Support batch size 0 #101

Birch-san · 2024-08-18T02:05:53Z

Downstream PyTorch issue:
pytorch/pytorch#133780

Describe the bug
cuDNN frontend rejects batch_size=0 input with CUDNN_STATUS_BAD_PARAM

Expected behavior
cuDNN should return to me a tensor [0, num_head, sequence_length, dims_per_head]
something like that, maybe the heads/seq are permuted differently, but the important part is that batch_size would be 0.
it would have the same dimensions as Q.
you could even just return Q, probably.

System Environment (please complete the following information):
Accessing cuDNN via torch sdpa,
PyTorch 2.5.0.dev20240811+cu121

torch.backends.cudnn.version()
90100

cudnn_frontend version: not sure how to look this up in PyTorch
cudnn_backend version: 90100
GPU arch: RTX 4090
cuda runtime version: PyTorch bundled 12.1 (though 12.2 is installed on the system)
cuda driver version: 535.183.01
host compiler: g++ (Ubuntu 12.3.0-17ubuntu1) 12.3.0
OS: ubuntu24.04

API logs
Please attach API logs for both cudnn_frontend and cudnn_backend.

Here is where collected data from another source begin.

lemma basis_word_probe_other:
  assumes w: "w \<in> cl_basis_words m n" and w0: "w0 \<in> cl_basis_words m n" and "w \<noteq> w0"
    and nonzero: "word_act w (prod_state (\<lambda>_. ref_fn)) (probe_state w0) \<noteq> 0"
  shows "full_sites w \<subset> full_sites w0"
proof -
  let ?P = "\<lambda>w a. count_list w (Ph a)" and ?D = "\<lambda>w a. count_list w (Ps a)"
    and ?V = "\<lambda>w a. count_list w (Om a)"
  have site: "?V w a = ?V w0 a \<and> ((?P w a = ?P w0 a \<and> ?D w a = ?D w0 a) \<or>
      (?P w a = 0 \<and> ?D w a = 0 \<and> ?P w0 a = 1 \<and> ?D w0 a = 1))" if a: "a \<in> {1..n}" for a
  proof (rule loc_word_probe_nonzero)
    show "loc_word (?P w a) (?D w a) (?V w a) ref_fn (probe (?P w0 a) (?D w0 a) (?V w0 a)) \<noteq> 0"
      using nonzero a by (auto simp: word_act_basis_word_ref[OF w] prod_state_def probe_state_def)
  qed (use cl_basis_word_decode(2)[OF w a] cl_basis_word_decode(2)[OF w0 a] in auto)
  have "full_sites w \<subseteq> full_sites w0"
  proof
    fix a
    assume "a \<in> full_sites w"
    then show "a \<in> full_sites w0"
      using site[of a] by (auto simp: full_sites_def)
  qed
  moreover have "\<exists>a\<in>{1..n}. \<not> (?P w a = ?P w0 a \<and> ?D w a = ?D w0 a \<and> ?V w a = ?V w0 a)"
  proof (rule ccontr)
    assume "\<not> ?thesis"
    then have "ord_word n (?P w) (?D w) (?V w) = ord_word n (?P w0) (?D w0) (?V w0)"
      unfolding ord_word_eq_ord_segment by (intro ord_segment_cong) auto
    then show False
      using cl_basis_word_decode(1)[OF w] cl_basis_word_decode(1)[OF w0] \<open>w \<noteq> w0\<close> by simp
  qed
  then obtain a where "a \<in> {1..n}" "\<not> (?P w a = ?P w0 a \<and> ?D w a = ?D w0 a \<and> ?V w a = ?V w0 a)"
    by blast
  then have "a \<in> full_sites w0 - full_sites w"
    using site[of a] by (auto simp: full_sites_def)
  ultimately show ?thesis
    by blast
qed

lemma cl_basis_words_independent:
  assumes "fin_supp g" "supp g \<subseteq> cl_basis_words m n" "g \<in> cl_ideal q m n"
  shows "g = (\<lambda>_. 0)"
proof (rule ccontr)
  assume "g \<noteq> (\<lambda>_. 0)"
  then obtain w1 where "w1 \<in> supp g"
    by (auto simp: supp_def)
  then obtain w0 where w0: "w0 \<in> supp g"
    and least: "\<And>w. w \<in> supp g \<Longrightarrow> card (full_sites w0) \<le> card (full_sites w)"
    using ex_has_least_nat[of "\<lambda>w. w \<in> supp g" w1 "\<lambda>w. card (full_sites w)"] by blast
  let ?E = "\<lambda>w. word_act w (prod_state (\<lambda>_. ref_fn)) (probe_state w0)"
  have others: "?E w = 0" if "w \<in> supp g - {w0}" for w
  proof (rule ccontr)
    assume "?E w \<noteq> 0"
    then have "full_sites w \<subset> full_sites w0"
      using that w0 assms(2) by (intro basis_word_probe_other) auto
    then have "card (full_sites w) < card (full_sites w0)"
      by (rule psubset_card_mono[rotated]) (simp add: full_sites_def)
    with least that show False
      by fastforce
  qed
  have "0 = act g (prod_state (\<lambda>_. ref_fn)) (probe_state w0)"
    using cl_ideal_act_as_zero[OF assms(3)] by (simp add: acts_as_zero_def)
  also have "\<dots> = g w0 * ?E w0 + (\<Sum>w\<in>supp g - {w0}. g w * ?E w)"
    unfolding act_def using assms(1) w0 by (simp add: fin_supp_iff_finite_supp sum.remove)
  also have "\<dots> = g w0 * ?E w0"
    using others by simp
  finally have "g w0 * ?E w0 = 0" ..
  moreover have "g w0 \<noteq> 0"
    using w0 by (simp add: supp_def)
  moreover have "?E w0 \<noteq> 0"
    using w0 assms(2) by (intro basis_word_probe_self) auto
  ultimately show False
    by simp
qed

end

theorem theorem5p2:
  fixes q :: "'k::field" and m n :: nat
  assumes char: "(2::'k) \<noteq> 0"
    and q: "q \<noteq> 0"
    and m: "m \<ge> 1"
    and n: "n \<ge> 1"
  shows "(\<forall>f. fin_supp f \<longrightarrow> (\<forall>w\<in>supp f. valid_word n w) \<longrightarrow>
            (\<exists>g. fin_supp g \<and> supp g \<subseteq> cl_basis_words m n \<and>
                 fsub f g \<in> cl_ideal q m n))
       \<and> (\<forall>g. fin_supp g \<longrightarrow> supp g \<subseteq> cl_basis_words m n \<longrightarrow>
            g \<in> cl_ideal q m n \<longrightarrow> g = (\<lambda>_. 0))"
  using cl_basis_words_span[OF char m] cl_basis_words_independent[OF q] by blast

end
(* A midpoint-concave function on [0,1] that vanishes at both ends and is bounded
   below is nonnegative: a negative value would double under reflection towards an
   end point and eventually pass the lower bound. *)
lemma midpoint_concave_nonneg:
  fixes \<psi> :: "real \<Rightarrow> real"
  assumes mid: "\<And>x y. x \<in> {0..1} \<Longrightarrow> y \<in> {0..1} \<Longrightarrow> (\<psi> x + \<psi> y) / 2 \<le> \<psi> ((x + y) / 2)"
    and ends: "\<psi> 0 = 0" "\<psi> 1 = 0"
    and below: "\<And>x. x \<in> {0..1} \<Longrightarrow> L \<le> \<psi> x"
    and t: "t \<in> {0..1}"
  shows "0 \<le> \<psi> t"
proof (rule ccontr)
  assume "\<not> 0 \<le> \<psi> t"
  then have neg: "\<psi> t < 0" by simp
  have double: "\<exists>x'\<in>{0..1}. \<psi> x' \<le> 2 * \<psi> x" if x: "x \<in> {0..1}" for x
  proof (cases "x \<le> 1/2")
    case True
    then show ?thesis
      using mid[of 0 "2 * x"] x ends by (intro bexI[of _ "2 * x"]) auto
  next
    case False
    then show ?thesis
      using mid[of 1 "2 * x - 1"] x ends by (intro bexI[of _ "2 * x - 1"]) auto
  qed
  have iterate: "\<exists>x\<in>{0..1}. \<psi> x \<le> 2 ^ k * \<psi> t" for k :: nat
  proof (induction k)
    case 0
    show ?case using t by auto
  next
    case (Suc k)
    then obtain x where x: "x \<in> {0..1}" "\<psi> x \<le> 2 ^ k * \<psi> t" by blast
    then obtain x' where "x' \<in> {0..1}" "\<psi> x' \<le> 2 * \<psi> x" using double by blast
    then show ?case using x(2) by (intro bexI[of _ x']) auto
  qed
  obtain k :: nat where "L / \<psi> t < 2 ^ k"
    using real_arch_pow[of 2 "L / \<psi> t"] by auto
  then have "2 ^ k * \<psi> t < L"
    using neg by (simp add: divide_less_eq)
  moreover obtain x where "x \<in> {0..1}" "\<psi> x \<le> 2 ^ k * \<psi> t"
    using iterate by blast
  ultimately show False
    using below by fastforce
qed
(* The $2\times 2$ chessboard $C=[-1,0]\times[-1,0]\,\cup\,[0,1]\times[0,1]\subset\mathbb{R}^2$ is neither drawable nor closed-disk drawable.
   Context: For $A\subseteq\mathbb{R}^2$ let $N(A)=\{x\in\mathbb{R}^2: |x-a|<1 \text{ for some } a\in A\}$ and $N_{\le}(A)=\{x\in\mathbb{R}^2: |x-a|\le 1 \text{ for some } a\in A\}$. Let $\mathcal{D}_1=\{N(A_1): A_1\subseteq\mathbb{R}^2\}$ and for $n\ge 2$ let $\mathcal{D}_n=\{D\cup N(A_n): D\in\mathcal{D}_{n-1}, A_n\subseteq\mathbb{R}^2\}$ if $n$ is odd and $\mathcal{D}_n=\{D\setminus N(A_n): D\in\mathcal{D}_{n-1}, A_n\subseteq\mathbb{R}^2\}$ if $n$ is even. A set is drawable if it lies in $\mathcal{D}=\bigcup_{n\ge1}\mathcal{D}_n$. The collection $\mathcal{D}_{\le}$ of closed-disk drawable sets is defined in the same way with every $N(\cdot)$ replaced by $N_{\le}(\cdot)$. *)

theory Defs
  imports "HOL-Analysis.Analysis"
begin

type_synonym plane = "real ^ 2"

definition pt :: "real \<Rightarrow> real \<Rightarrow> plane" where
  "pt a b = (\<chi> i. if i = 1 then a else b)"

definition N_open :: "plane set \<Rightarrow> plane set" where
  "N_open A = {x. \<exists>a\<in>A. dist x a < 1}"

definition N_closed :: "plane set \<Rightarrow> plane set" where
  "N_closed A = {x. \<exists>a\<in>A. dist x a \<le> 1}"

fun Dlevel :: "(plane set \<Rightarrow> plane set) \<Rightarrow> nat \<Rightarrow> plane set set" where
  "Dlevel N 0 = {}"
| "Dlevel N (Suc 0) = {N A | A. True}"
| "Dlevel N (Suc (Suc m)) =
     (if odd (Suc (Suc m))
      then {D \<union> N A | D A. D \<in> Dlevel N (Suc m)}
      else {D - N A | D A. D \<in> Dlevel N (Suc m)})"

definition drawable :: "plane set \<Rightarrow> bool" where
  "drawable S \<longleftrightarrow> (\<exists>n\<ge>1. S \<in> Dlevel N_open n)"

definition closed_drawable :: "plane set \<Rightarrow> bool" where
  "closed_drawable S \<longleftrightarrow> (\<exists>n\<ge>1. S \<in> Dlevel N_closed n)"

definition chessboard :: "plane set" where
  "chessboard = {pt a b | a b. -1 \<le> a \<and> a \<le> 0 \<and> -1 \<le> b \<and> b \<le> 0}
              \<union> {pt a b | a b. 0 \<le> a \<and> a \<le> 1 \<and> 0 \<le> b \<and> b \<le> 1}"

end

theory Submission
  imports Defs
begin

(* Call S simple at x (for a neighbourhood operator N) if on some ball around x the set S is empty,
   or some N A accumulating at x lies on that ball entirely inside or entirely outside S.
   Adding or removing a set N A preserves this: if N A accumulates at x it becomes the witness,
   otherwise S does not change near x. So every drawable set is simple at every point.
   The chessboard is not simple at the origin: if N A accumulates at 0, then A has a point a with
   |a| < 1 + d, and the open unit disc around a, which lies in N A, contains short vectors t u both
   in the chessboard (u = +-e1, +-e2) and outside it (u = +-(-1,2), +-(2,-1)), for u chosen among
   these with 2 (u . a) >= |a|. *)

lemma pt_nth_1 [simp]: "pt a b $ 1 = a"
  and pt_nth_2 [simp]: "pt a b $ 2 = b"
  by (simp_all add: pt_def)

lemma inner_plane: "x \<bullet> y = x$1 * y$1 + x$2 * y$2" for x y :: plane
  by (simp add: inner_vec_def sum_2)

lemma norm_plane_power2: "norm x ^ 2 = x$1 ^ 2 + x$2 ^ 2" for x :: plane
  unfolding power2_norm_eq_inner inner_plane by (simp add: power2_eq_square)

lemma mem_chessboard_iff:
  "x \<in> chessboard \<longleftrightarrow>
     (-1 \<le> x$1 \<and> x$1 \<le> 0 \<and> -1 \<le> x$2 \<and> x$2 \<le> 0) \<or> (0 \<le> x$1 \<and> x$1 \<le> 1 \<and> 0 \<le> x$2 \<and> x$2 \<le> 1)"
  unfolding chessboard_def by (auto simp: vec_eq_iff forall_2)

lemma exists_direction_of_pair:
  fixes a u v :: "'a::real_inner"
  assumes "norm a ^ 2 \<le> (u \<bullet> a) ^ 2 + (v \<bullet> a) ^ 2"
  shows "\<exists>w\<in>{u, -u, v, -v}. norm a \<le> 2 * (w \<bullet> a)"
proof -
  obtain c where c: "c \<in> {u, v}" "norm a ^ 2 \<le> 2 * (c \<bullet> a) ^ 2"
    using that[of u] that[of v] assms by (cases "(v \<bullet> a) ^ 2 \<le> (u \<bullet> a) ^ 2") simp_all
  moreover have "(2 * \<bar>c \<bullet> a\<bar>) ^ 2 = 4 * (c \<bullet> a) ^ 2"
    by (simp add: power_mult_distrib)
  ultimately have "norm a ^ 2 \<le> (2 * \<bar>c \<bullet> a\<bar>) ^ 2"
    using zero_le_power2[of "c \<bullet> a"] by linarith
  then have "norm a \<le> 2 * \<bar>c \<bullet> a\<bar>"
    by (rule power2_le_imp_le) simp
  then show ?thesis
    using c(1) by (cases "c \<bullet> a \<ge> 0") auto
qed

lemma scaled_direction_in_unit_ball:
  fixes a u :: "'a::real_inner"
  assumes t: "0 < t" "t \<le> 1/40" and a: "norm a < 1 + t/4" "norm a \<le> 2 * (u \<bullet> a)"
    and u: "norm u \<le> 3"
  shows "t *\<^sub>R u \<in> ball a 1"
proof -
  define s where "s = norm a"
  have "t * norm u \<le> 3 * t"
    using u t by simp
  then have square: "(t * norm u) ^ 2 \<le> 9 * t ^ 2"
    using t power_mono[of "t * norm u" "3 * t" 2] by (simp add: power_mult_distrib)
  have inner: "t * s \<le> 2 * t * (u \<bullet> a)"
    using a(2) t unfolding s_def by simp
  have "dist (t *\<^sub>R u) a ^ 2 = (t * norm u) ^ 2 + s ^ 2 - 2 * t * (u \<bullet> a)"
    using dot_norm_neg[of "t *\<^sub>R u" a] t(1) by (simp add: s_def dist_norm power_mult_distrib)
  also have "\<dots> \<le> 9 * t ^ 2 + s * (s - t)"
    using square inner by (simp add: algebra_simps power2_eq_square)
  also have "\<dots> < 1"
  proof -
    have t_square: "t ^ 2 \<le> t / 40"
      using t by (simp add: power2_eq_square)
    show ?thesis
    proof (cases "s \<le> t")
      case True
      then have "s * (s - t) \<le> 0"
        unfolding s_def by (simp add: mult_nonneg_nonpos)
      then show ?thesis
        using t t_square by linarith
    next
      case False
      have "s * (s - t) < (1 + t/4) * (1 + t/4 - t)"
        using False a(1) t unfolding s_def by (intro mult_strict_mono) auto
      also have "\<dots> = 1 - t/2 - 3/16 * t ^ 2"
        by (simp add: algebra_simps power2_eq_square)
      finally show ?thesis
        using t t_square by linarith
    qed
  qed
  finally show ?thesis
    by (simp add: dist_commute power2_less_imp_less)
qed

lemma chessboard_direction:
  fixes a :: plane
  obtains u where "norm a \<le> 2 * (u \<bullet> a)" "norm u \<le> 3"
    "\<And>t. 0 \<le> t \<Longrightarrow> t \<le> 1 \<Longrightarrow> t *\<^sub>R u \<in> chessboard"
proof -
  have "norm a ^ 2 \<le> (pt 1 0 \<bullet> a) ^ 2 + (pt 0 1 \<bullet> a) ^ 2"
    by (simp add: norm_plane_power2 inner_plane)
  then obtain u where u: "u \<in> {pt 1 0, - pt 1 0, pt 0 1, - pt 0 1}" "norm a \<le> 2 * (u \<bullet> a)"
    by (blast dest: exists_direction_of_pair)
  moreover have "norm u \<le> 3"
    using u(1) by (auto simp: norm_vec_def L2_set_def sum_2)
  moreover have "t *\<^sub>R u \<in> chessboard" if "0 \<le> t" "t \<le> 1" for t
    using u(1) that by (auto simp: mem_chessboard_iff)
  ultimately show thesis
    using that by blast
qed

lemma off_chessboard_direction:
  fixes a :: plane
  obtains u where "norm a \<le> 2 * (u \<bullet> a)" "norm u \<le> 3"
    "\<And>t. 0 < t \<Longrightarrow> t *\<^sub>R u \<notin> chessboard"
proof -
  have "norm a ^ 2 \<le> (pt (-1) 2 \<bullet> a) ^ 2 + (pt 2 (-1) \<bullet> a) ^ 2"
    using zero_le_power2[of "a$1 - a$2"] unfolding norm_plane_power2 inner_plane
    by (simp add: algebra_simps power2_eq_square)
  then obtain u where u: "u \<in> {pt (-1) 2, - pt (-1) 2, pt 2 (-1), - pt 2 (-1)}"
      "norm a \<le> 2 * (u \<bullet> a)"
    by (blast dest: exists_direction_of_pair)
  moreover have "norm u \<le> 3"
  proof (rule power2_le_imp_le)
    show "norm u ^ 2 \<le> 3 ^ 2"
      using u(1) by (auto simp: norm_plane_power2)
  qed simp
  moreover have "t *\<^sub>R u \<notin> chessboard" if "0 < t" for t
    using u(1) that by (auto simp: mem_chessboard_iff)
  ultimately show thesis
    using that by blast
qed

lemma chessboard_mixed_near_unit_balls:
  assumes "0 < r"
  obtains d where "0 < d"
    "\<And>a. norm a < 1 + d \<Longrightarrow> ball a 1 \<inter> ball 0 r \<inter> chessboard \<noteq> {}"
    "\<And>a. norm a < 1 + d \<Longrightarrow> ball a 1 \<inter> ball 0 r - chessboard \<noteq> {}"
proof -
  define t where "t = min (r/4) (1/40)"
  have t: "0 < t" "t \<le> 1/40" "4 * t \<le> r"
    using assms by (auto simp: t_def)
  have near: "t *\<^sub>R u \<in> ball a 1 \<inter> ball 0 r"
    if "norm a < 1 + t/4" "norm a \<le> 2 * (u \<bullet> a)" "norm u \<le> 3" for a u
  proof -
    have "t * norm u \<le> t * 3"
      using t that(3) by (intro mult_left_mono) auto
    moreover have "norm (t *\<^sub>R u) = t * norm u"
      using t by simp
    ultimately have "norm (t *\<^sub>R u) < r"
      using t by linarith
    then show ?thesis
      using scaled_direction_in_unit_ball[OF t(1,2) that] by (simp only: Int_iff mem_ball_0)
  qed
  show thesis
  proof (rule that[of "t/4"])
    show "0 < t/4"
      using t by simp
  next
    fix a :: plane
    assume a: "norm a < 1 + t/4"
    obtain u where u: "norm a \<le> 2 * (u \<bullet> a)" "norm u \<le> 3"
      and "\<And>s. 0 \<le> s \<Longrightarrow> s \<le> 1 \<Longrightarrow> s *\<^sub>R u \<in> chessboard"
      using chessboard_direction[of a] by blast
    then have "t *\<^sub>R u \<in> chessboard"
      using t by simp
    then show "ball a 1 \<inter> ball 0 r \<inter> chessboard \<noteq> {}"
      using near[OF a u] by blast
    obtain v where v: "norm a \<le> 2 * (v \<bullet> a)" "norm v \<le> 3"
      and "\<And>s. 0 < s \<Longrightarrow> s *\<^sub>R v \<notin> chessboard"
      using off_chessboard_direction[of a] by blast
    then have "t *\<^sub>R v \<notin> chessboard"
      using t by simp
    then show "ball a 1 \<inter> ball 0 r - chessboard \<noteq> {}"
      using near[OF a v] by blast
  qed
qed

definition simple_at :: "(plane set \<Rightarrow> plane set) \<Rightarrow> plane \<Rightarrow> plane set \<Rightarrow> bool" where
  "simple_at N x S \<longleftrightarrow> (\<exists>r>0. S \<inter> ball x r = {} \<or>
     (\<exists>A. x \<in> closure (N A) \<and> (N A \<inter> ball x r \<subseteq> S \<or> N A \<inter> ball x r \<inter> S = {})))"

lemma simple_at_empty: "simple_at N x {}"
  unfolding simple_at_def by (intro exI[of _ 1]) simp

lemma simple_at_local:
  assumes "simple_at N x S" "0 < e" "S \<inter> ball x e = T \<inter> ball x e"
  shows "simple_at N x T"
proof -
  obtain r where "0 < r" and r: "S \<inter> ball x r = {} \<or>
      (\<exists>A. x \<in> closure (N A) \<and> (N A \<inter> ball x r \<subseteq> S \<or> N A \<inter> ball x r \<inter> S = {}))"
    using assms(1) unfolding simple_at_def by blast
  define m where "m = min r e"
  have "ball x m \<subseteq> ball x r" "ball x m \<subseteq> ball x e"
    by (simp_all add: m_def subset_ball)
  then have "S \<inter> ball x m = {} \<or>
      (\<exists>A. x \<in> closure (N A) \<and> (N A \<inter> ball x m \<subseteq> S \<or> N A \<inter> ball x m \<inter> S = {}))"
    using r by blast
  then have "T \<inter> ball x m = {} \<or>
      (\<exists>A. x \<in> closure (N A) \<and> (N A \<inter> ball x m \<subseteq> T \<or> N A \<inter> ball x m \<inter> T = {}))"
    using assms(3) \<open>ball x m \<subseteq> ball x e\<close> by blast
  moreover have "0 < m"
    using \<open>0 < r\<close> assms(2) by (simp add: m_def)
  ultimately show ?thesis
    unfolding simple_at_def by blast
qed

lemma simple_at_Un_Diff:
  assumes "simple_at N x S"
  shows "simple_at N x (S \<union> N A)" "simple_at N x (S - N A)"
proof -
  have "simple_at N x (S \<union> N A) \<and> simple_at N x (S - N A)"
  proof (cases "x \<in> closure (N A)")
    case True
    then show ?thesis
      unfolding simple_at_def by (intro conjI exI[of _ 1] exI[of _ A]) auto
  next
    case False
    then obtain e where "0 < e" "\<forall>y\<in>N A. e \<le> dist y x"
      unfolding closure_approachable by (auto simp: not_less)
    then have "N A \<inter> ball x e = {}"
      by (auto simp: dist_commute)
    then have "S \<inter> ball x e = (S \<union> N A) \<inter> ball x e" "S \<inter> ball x e = (S - N A) \<inter> ball x e"
      by blast+
    then show ?thesis
      using simple_at_local[OF assms \<open>0 < e\<close>] by blast
  qed
  then show "simple_at N x (S \<union> N A)" "simple_at N x (S - N A)"
    by blast+
qed

lemma simple_at_Dlevel: "S \<in> Dlevel N n \<Longrightarrow> simple_at N x S"
proof (induction N n arbitrary: S rule: Dlevel.induct)
  case (2 N)
  then obtain A where "S = {} \<union> N A"
    by auto
  then show ?case
    using simple_at_Un_Diff(1)[OF simple_at_empty] by metis
next
  case (3 N m)
  then show ?case
    using simple_at_Un_Diff by (auto split: if_splits)
qed simp

lemma not_simple_at_chessboard:
  assumes "\<And>A. N_open A \<subseteq> N A" "\<And>A. N A \<subseteq> N_closed A"
  shows "\<not> simple_at N 0 chessboard"
proof
  assume "simple_at N 0 chessboard"
  then obtain r where "0 < r" and r: "chessboard \<inter> ball 0 r = {} \<or>
      (\<exists>A. 0 \<in> closure (N A) \<and>
        (N A \<inter> ball 0 r \<subseteq> chessboard \<or> N A \<inter> ball 0 r \<inter> chessboard = {}))"
    unfolding simple_at_def by blast
  moreover have "0 \<in> chessboard \<inter> ball 0 r"
    using \<open>0 < r\<close> by (simp add: mem_chessboard_iff)
  ultimately obtain A where "0 \<in> closure (N A)"
    and decided: "N A \<inter> ball 0 r \<subseteq> chessboard \<or> N A \<inter> ball 0 r \<inter> chessboard = {}"
    by blast
  obtain d where "0 < d"
    and mixed: "\<And>a. norm a < 1 + d \<Longrightarrow> ball a 1 \<inter> ball 0 r \<inter> chessboard \<noteq> {}"
      "\<And>a. norm a < 1 + d \<Longrightarrow> ball a 1 \<inter> ball 0 r - chessboard \<noteq> {}"
    using chessboard_mixed_near_unit_balls[OF \<open>0 < r\<close>] by blast
  obtain y where "y \<in> N A" "norm y < d"
    using \<open>0 \<in> closure (N A)\<close> \<open>0 < d\<close> unfolding closure_approachable by auto
  then obtain a where "a \<in> A" "dist y a \<le> 1"
    using assms(2) unfolding N_closed_def by blast
  have "norm a \<le> norm y + dist y a"
    by (metis dist_0_norm dist_commute dist_triangle)
  then have "norm a < 1 + d"
    using \<open>norm y < d\<close> \<open>dist y a \<le> 1\<close> by linarith
  moreover have "ball a 1 \<subseteq> N A"
    using \<open>a \<in> A\<close> assms(1) unfolding N_open_def by (force simp: dist_commute)
  ultimately have "N A \<inter> ball 0 r \<inter> chessboard \<noteq> {}" "N A \<inter> ball 0 r - chessboard \<noteq> {}"
    using mixed by blast+
  then show False
    using decided by blast
qed

theorem theorem1p1:
  shows "\<not> drawable chessboard \<and> \<not> closed_drawable chessboard"
proof -
  have "N_open A \<subseteq> N_closed A" for A
    unfolding N_open_def N_closed_def by force
  then have "\<not> simple_at N_open 0 chessboard" "\<not> simple_at N_closed 0 chessboard"
    by (simp_all add: not_simple_at_chessboard)
  then show ?thesis
    unfolding drawable_def closed_drawable_def by (metis simple_at_Dlevel)
qed

end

[cudnn_frontend] INFO: Validating SDPANode CUDNN_SDPA...
[cudnn_frontend] INFO: Inferrencing properties for Scaled_dot_product_flash_attention node  CUDNN_SDPA...
[cudnn_frontend] INFO: Validating matmul node bmm1...
[cudnn_frontend] INFO: Inferrencing properties for matmul node bmm1...
[cudnn_frontend] INFO: Validating pointwise node attn_scale...
[cudnn_frontend] INFO: Inferrencing properties for pointwise node attn_scale...
[cudnn_frontend] INFO: Validating SoftmaxNode softmax...
[cudnn_frontend] INFO: Inferrencing properties for Softmax node softmax.
[cudnn_frontend] INFO: Validating reduction node M...
[cudnn_frontend] INFO: Inferrencing properties for reduction node M...
[cudnn_frontend] INFO: Validating pointwise node sub...
[cudnn_frontend] INFO: Inferrencing properties for pointwise node sub...
[cudnn_frontend] INFO: Validating pointwise node exp...
[cudnn_frontend] INFO: Inferrencing properties for pointwise node exp...
[cudnn_frontend] INFO: Validating reduction node sum...
[cudnn_frontend] INFO: Inferrencing properties for reduction node sum...
[cudnn_frontend] INFO: Validating pointwise node log...
[cudnn_frontend] INFO: Inferrencing properties for pointwise node log...
[cudnn_frontend] INFO: Validating pointwise node add...
[cudnn_frontend] INFO: Inferrencing properties for pointwise node add...
[cudnn_frontend] INFO: Validating pointwise node div...
[cudnn_frontend] INFO: Inferrencing properties for pointwise node div...
[cudnn_frontend] INFO: Validating matmul node bmm2...
[cudnn_frontend] INFO: Inferrencing properties for matmul node bmm2...
[cudnn_frontend] INFO: Creating cudnn tensors for node named 'CUDNN_SDPA':
[cudnn_frontend] ERROR: CUDNN_BACKEND_TENSOR_DESCRIPTOR: Check and Set the CUDNN_ATTR_TENSOR_DIMENSIONS Correctly cudnn_status: CUDNN_STATUS_BAD_PARAM. ["CUDNN_BACKEND_API_FAILED"] because (e.getCudnnStatus() != CUDNN_STATUS_SUCCESS) at /pytorch/third_party/cudnn_frontend/include/cudnn_frontend/cudnn_interface.h:89
[cudnn_frontend] ERROR: create_cudnn_tensor(tensor, tensors) at /pytorch/third_party/cudnn_frontend/include/cudnn_frontend/node_interface.h:707
[cudnn_frontend] ERROR: create_cudnn_tensors_(uid_to_backend_tensors) at /pytorch/third_party/cudnn_frontend/include/cudnn_frontend/node_interface.h:316
[cudnn_frontend] ERROR: sub_node->create_cudnn_tensors(uid_to_backend_tensors) at /pytorch/third_party/cudnn_frontend/include/cudnn_frontend/node_interface.h:318
[cudnn_frontend] ERROR: create_cudnn_tensors(uid_to_tensors) at /pytorch/third_party/cudnn_frontend/include/cudnn_frontend/node_interface.h:408


I! CuDNN (v90100 70) function cudnnCreate() called:
i!     handle: location=host; addr=0x582fcf32a680;
i! Time: 2024-08-18T02:59:15.167979 (0d+0h+0m+0s since start)
i! Process=7823; Thread=7823; GPU=NULL; Handle=NULL; StreamId=NULL.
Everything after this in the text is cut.